### Task prompt
Set down the line that has "p) k = spow" and each line beneath it, through the last line of the entries, exactly and with no others.

(Data extracted from a collection)

(* Let $S\subseteq X$, let $\psi:S\to Z$ be $C$-convex, $x_0\in S$, and let $f=\psi^C$. Assume $C$ is polyhedral and that for every $x\in X$ and every $z^*\in C^-\setminus\{0\}$ the function $t\mapsto\varphi_{f,z^*}(x_0+t(x-x_0))$ (for $t\in[0,1]$, $+\infty$ otherwise) is lower semicontinuous at $t=0$. Then $x_0$ solves the set-valued Minty inequality for $f$, i.e. for all $x\in X$ with $f(x)\ne f(x_0)$ one has $f'(x,x_0-x)\not\subseteq 0^+f(x)$, if and only if $\psi(x_0)\in\operatorname{Eff}\psi[S]$.
   Context: $X$ is a real linear space, $Z$ a real locally convex Hausdorff space with dual $Z^*$, $C\subseteq Z$ a closed convex cone with $0\in C$ and $C^-=\{z^*\in Z^*: z^*(c)\le0\ \forall c\in C\}$, $C^-\setminus\{0\}\ne\emptyset$. $C$ is polyhedral if $C=\bigcap_{i=1}^n\{z: 0\le -m_i^*(z)\}$ for finitely many $m_i^*\in Z^*$. $\psi:S\to Z$ is $C$-convex if $S$ is convex and $(1-t)\psi(x_1)+t\psi(x_2)\in\psi(x_1+t(x_2-x_1))+C$ for all $x_1,x_2\in S$, $t\in(0,1)$. $f=\psi^C:X\to 2^Z$ is $f(x)=\psi(x)+C$ for $x\in S$ and $f(x)=\emptyset$ otherwise. $\psi(x_0)\in\operatorname{Eff}\psi[S]$ means: for all $y\in\psi[S]$, $\psi(x_0)\in y+C$ implies $\psi(x_0)\in y+(C\cap -C)$. For $A,B\subseteq Z$: $A\ominus B=\{z: B+\{z\}\subseteq A\}$; $0^+A=\{z:A+\{z\}\subseteq A\}$ for $A\neq\emptyset$, $0^+\emptyset=\emptyset$. $f'(x,u)=\bigcap_{t_0>0}\operatorname{cl}\operatorname{co}\bigcup_{0<t<t_0}\frac1t\big(f(x+tu)\ominus f(x)\big)$. $\varphi_{f,z^*}(x)=\inf\{-z^*(z): z\in f(x)\}$, i.e. $-z^*(\psi(x))$ on $S$ and $+\infty$ outside $S$. *)

theory Defs
  imports "HOL-Analysis.Analysis"
begin

definition locally_convex_tvs :: "('z::{real_vector, t2_space}) itself \<Rightarrow> bool" where
  "locally_convex_tvs _ \<longleftrightarrow>
     continuous_on UNIV (\<lambda>p::'z \<times> 'z. fst p + snd p) \<and>
     continuous_on UNIV (\<lambda>p::real \<times> 'z. scaleR (fst p) (snd p)) \<and>
     (\<forall>U::'z set. open U \<and> 0 \<in> U \<longrightarrow> (\<exists>V. open V \<and> convex V \<and> 0 \<in> V \<and> V \<subseteq> U))"

definition dual_space :: "('z::{real_vector, topological_space} \<Rightarrow> real) set" where
  "dual_space = {g. linear g \<and> continuous_on UNIV g}"

definition polar_cone :: "('z::{real_vector, topological_space}) set \<Rightarrow> ('z \<Rightarrow> real) set" where
  "polar_cone C = {g \<in> dual_space. \<forall>c\<in>C. g c \<le> 0}"

definition polyhedral_cone :: "('z::{real_vector, topological_space}) set \<Rightarrow> bool" where
  "polyhedral_cone C \<longleftrightarrow> (\<exists>M. finite M \<and> M \<subseteq> dual_space \<and> C = (\<Inter>m\<in>M. {z. 0 \<le> - m z}))"

definition C_convex :: "('z::real_vector) set \<Rightarrow> ('x::real_vector) set \<Rightarrow> ('x \<Rightarrow> 'z) \<Rightarrow> bool" where
  "C_convex C S \<psi> \<longleftrightarrow> convex S \<and>
     (\<forall>x1\<in>S. \<forall>x2\<in>S. \<forall>t::real. 0 < t \<and> t < 1 \<longrightarrow>
        (1 - t) *\<^sub>R \<psi> x1 + t *\<^sub>R \<psi> x2 \<in> (\<lambda>c. \<psi> (x1 + t *\<^sub>R (x2 - x1)) + c) ` C)"

definition setext :: "('z::real_vector) set \<Rightarrow> ('x::real_vector) set \<Rightarrow> ('x \<Rightarrow> 'z) \<Rightarrow> 'x \<Rightarrow> 'z set" where
  "setext C S \<psi> x = (if x \<in> S then (\<lambda>c. \<psi> x + c) ` C else {})"
lemma K_minor_H:
  assumes "t \<ge> 5"
  shows "has_K_minor (H_edges t) (line_graph_E (H_edges t) H_ends) t"
proof -
  let ?E = "line_graph_E (H_edges t) H_ends"
  let ?Y = "UA ` {1..t-3} \<union> {BW}"
  have rest: "H_edges t - ?Y = AV ` {1..t-3} \<union> {UB, VW1, VW2}"
    unfolding H_edges_def by auto
  have "card (AV ` {1..t-3} \<union> {UB, VW1, VW2}) = (t - 3) + 3"
    by (subst card_Un_disjoint) (auto simp: card_image inj_on_def)
  with rest \<open>t \<ge> 5\<close> have "card (H_edges t - ?Y) = t"
    by simp
  moreover have "has_K_minor (H_edges t) ?E (card (H_edges t - ?Y))"
  proof (rule has_K_minor_contract_star[where x = UB])
    show "\<forall>y\<in>?Y. {UB, y} \<in> ?E"
      by (auto simp: line_graph_E_doubleton_iff H_edges_def)
    show "\<forall>a\<in>H_edges t - ?Y - {UB}. \<forall>b\<in>H_edges t - ?Y - {UB}. a \<noteq> b \<longrightarrow> {a, b} \<in> ?E"
      unfolding rest by (auto simp: line_graph_E_doubleton_iff H_edges_def)
    show "\<forall>b\<in>H_edges t - ?Y - {UB}. \<exists>c\<in>insert UB ?Y. {c, b} \<in> ?E"
      unfolding rest by (auto simp: line_graph_E_doubleton_iff H_edges_def)
  qed (auto simp: H_edges_def dest: line_graph_E_edge)
  ultimately show ?thesis
    by simp
qed

lemma path_edges_subset: "is_path V E p \<Longrightarrow> path_edges p \<subseteq> E"
  unfolding is_path_def path_edges_def by auto

lemma path_end_in_path_edge:
  assumes "is_path V E p" "hd p \<noteq> last p" "v \<in> {hd p, last p}"
  obtains e where "e \<in> path_edges p" "v \<in> e"
proof -
  have "p \<noteq> []"
    using assms(1) unfolding is_path_def by simp
  then have long: "Suc 0 < length p"
    using assms(2) by (cases p) auto
  have edge: "{p ! i, p ! Suc i} \<in> path_edges p" if "Suc i < length p" for i
    unfolding path_edges_def using that by blast
  have "{p ! 0, p ! 1} \<in> path_edges p" "{p ! (length p - 2), p ! (length p - 1)} \<in> path_edges p"
    using edge[of 0] edge[of "length p - 2"] long by (simp_all add: Suc_diff_Suc numeral_2_eq_2)
  moreover have "hd p = p ! 0" "last p = p ! (length p - 1)"
    using \<open>p \<noteq> []\<close> by (simp_all add: hd_conv_nth last_conv_nth)
  ultimately show ?thesis
    using that assms(3) by blast
qed

definition degree :: "'a set set \<Rightarrow> 'a \<Rightarrow> nat" where
  "degree E v = card {e \<in> E. v \<in> e}"

lemma degree_line_graph_E:
  assumes "e \<in> Ed"
  shows "degree (line_graph_E Ed ends) e = card {f \<in> Ed. f \<noteq> e \<and> ends e \<inter> ends f \<noteq> {}}"
proof -
  let ?N = "{f \<in> Ed. f \<noteq> e \<and> ends e \<inter> ends f \<noteq> {}}"
  have "{g \<in> line_graph_E Ed ends. e \<in> g} = (\<lambda>f. {e, f}) ` ?N"
  proof (intro equalityI subsetI)
    fix g assume "g \<in> {g \<in> line_graph_E Ed ends. e \<in> g}"
    then show "g \<in> (\<lambda>f. {e, f}) ` ?N"
      by (auto elim!: line_graph_E_edgeE simp: Int_commute insert_commute)
  qed (use assms in \<open>auto simp: line_graph_E_doubleton_iff\<close>)
  moreover have "inj_on (\<lambda>f. {e, f}) ?N"
    by (rule inj_onI) (auto simp: doubleton_eq_iff)
  ultimately show ?thesis
    unfolding degree_def by (simp add: card_image)
qed
(* Let $I$ be a general ring and $a\in I$. The following are equivalent: (1) $a$ is strongly $\pi$-regular in $I$; (2) there exists an idempotent $p=p^2\in\mathrm{comm}^2(a)$ such that $a-ap\in \mathrm{Nil}(I)$ and $a+p\in Q(I)$; (3) there exists an idempotent $p=p^2\in\mathrm{comm}(a)$ such that $a-ap\in\mathrm{Nil}(I)$ and $a+p\in Q(I)$; (4) there exists $b\in\mathrm{comm}^2(a)$ such that $ab^2=b$ and $a^2b-a\in\mathrm{Nil}(I)$; (5) there exists $b\in\mathrm{comm}(a)$ such that $ab^2=b$ and $a^2b-a\in\mathrm{Nil}(I)$.
   Context: A general ring is an associative ring not necessarily having an identity. $\mathrm{Nil}(I)$ is the set of nilpotent elements of $I$. For $p,q\in I$, $p*q=p+q-pq$; $Q(I)=\{q\in I\mid p*q=0=q*p \text{ for some } p\in I\}$; $\mathrm{comm}(a)=\{x\in I\mid xa=ax\}$, $\mathrm{comm}^2(a)=\{x\in I\mid xy=yx\text{ for all }y\in\mathrm{comm}(a)\}$. An element $a\in I$ is strongly $\pi$-regular if there exist $n\in\mathbb{N}$ and $x\in\mathrm{comm}(a)$ with $a^n=a^{n+1}x$. *)

theory Defs
  imports Main
begin

text \<open>General (not necessarily unital) associative ring: type class ring.
  Positive powers: spow a n = a^(n+1).\<close>

fun spow :: "'a::semigroup_mult \<Rightarrow> nat \<Rightarrow> 'a" where
  "spow a 0 = a"
| "spow a (Suc n) = spow a n * a"

definition rpow :: "'a::semigroup_mult \<Rightarrow> nat \<Rightarrow> 'a" where
  "rpow a n = spow a (n - 1)"   \<comment> \<open>a^n for n \<ge> 1\<close>

definition Nil_set :: "'a::ring set" where
  "Nil_set = {x. \<exists>n\<ge>1. rpow x n = 0}"

definition circ :: "'a::ring \<Rightarrow> 'a \<Rightarrow> 'a" where
  "circ p q = p + q - p * q"

definition Qset :: "'a::ring set" where
  "Qset = {q. \<exists>p. circ p q = 0 \<and> circ q p = 0}"

definition comm :: "'a::ring \<Rightarrow> 'a set" where
  "comm a = {x. x * a = a * x}"

definition comm2 :: "'a::ring \<Rightarrow> 'a set" where
  "comm2 a = {x. \<forall>y\<in>comm a. x * y = y * x}"

definition strongly_pi_regular :: "'a::ring \<Rightarrow> bool" where
  "strongly_pi_regular a \<longleftrightarrow>
     (\<exists>n\<ge>1. \<exists>x\<in>comm a. rpow a n = rpow a (n + 1) * x)"

end

theory Submission
  imports Defs
begin

text \<open>
  All five conditions are routed through the notion of a Drazin
  inverse: an element b commuting with a such that a b^2 = b and a^k = a^k (a b)
  for some k.  For such b the element p = a b is an idempotent, a - a p is
  nilpotent, and b lies in the double commutant of a.

  Then:
    (1) gives a Drazin inverse b = a^n x^(n+1);
    a Drazin inverse lies in comm2 a, and for b in comm a being a Drazin
    inverse is exactly condition (5), which yields (5) => (4) and (1) => (4);
    (4) => (2) with p = a b and quasi-inverse b + p + r of a + p, where r is the
    quasi-inverse of the nilpotent a - a p;
    (3) => (1) with x = p q - p, q the quasi-inverse of a + p.
  The implications (2) => (3) and (4) => (5) hold because comm2 a \<subseteq> comm a.
\<close>

subsection \<open>Positive powers\<close>

lemma spow_commute:
  fixes x y :: "'a::semigroup_mult"
  assumes "x * y = y * x"
  shows "spow x k * y = y * spow x k"
proof (induction k)
  case 0 then show ?case using assms by simp
next
  case (Suc k)
  have "spow x (Suc k) * y = spow x k * (x * y)" by (simp add: mult.assoc)
  also have "\<dots> = (spow x k * y) * x" using assms by (simp add: mult.assoc)
  also have "\<dots> = y * spow x (Suc k)" using Suc by (simp add: mult.assoc)
  finally show ?case .
qed

lemma spow_Suc_left: "spow (x::'a::semigroup_mult) (Suc k) = x * spow x k"
  using spow_commute[of x x k] by simp

lemma spow_mult:
  fixes x y :: "'a::semigroup_mult"
  assumes "x * y = y * x"
  shows "spow (x * y) k = spow x k * spow y k"
proof (induction k)
  case 0 then show ?case by simp
next
  case (Suc k)
  have c: "spow y k * x = x * spow y k" using spow_commute[of y x k] assms by simp
  have "spow (x * y) (Suc k) = spow x k * (spow y k * x) * y" using Suc by (simp add: mult.assoc)
  also have "\<dots> = spow x (Suc k) * spow y (Suc k)" using c by (simp add: mult.assoc)
  finally show ?case .
qed

lemma spow_idem:
  fixes p :: "'a::semigroup_mult"
  assumes "p * p = p"
  shows "spow p k = p"
  using assms by (induction k) auto

lemma absorbs_spow:
  fixes A u :: "'a::semigroup_mult"
  assumes "A * u = A"
  shows "A * spow u j = A"
  using assms by (induction j) (simp_all add: mult.assoc[symmetric])

lemma spow_complement:
  fixes a p :: "'a::ring"
  assumes "p * p = p" "a * p = p * a"
  shows "spow (a - a * p) k = spow a k - spow a k * p"
proof (induction k)
  case 0 then show ?case by simp
next
  case (Suc k)
  let ?A = "spow a k"
  have "spow (a - a * p) (Suc k) = (?A - ?A * p) * (a - a * p)" using Suc by simp
  also have "\<dots> = ?A * a - ?A * (a * p) - ?A * (p * a) + ?A * (p * (a * p))"
    by (simp add: algebra_simps)
  also have "p * (a * p) = a * p" using assms by (metis mult.assoc)
  also have "p * a = a * p" using assms by simp
  finally show ?case by (simp add: mult.assoc)
qed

### Task response
  shows "spow (a - a * p) k = spow a k - spow a k * p"
proof (induction k)
  case 0 then show ?case by simp
next
  case (Suc k)
  let ?A = "spow a k"
  have "spow (a - a * p) (Suc k) = (?A - ?A * p) * (a - a * p)" using Suc by simp
  also have "\<dots> = ?A * a - ?A * (a * p) - ?A * (p * a) + ?A * (p * (a * p))"
    by (simp add: algebra_simps)
  also have "p * (a * p) = a * p" using assms by (metis mult.assoc)
  also have "p * a = a * p" using assms by simp
  finally show ?case by (simp add: mult.assoc)
qed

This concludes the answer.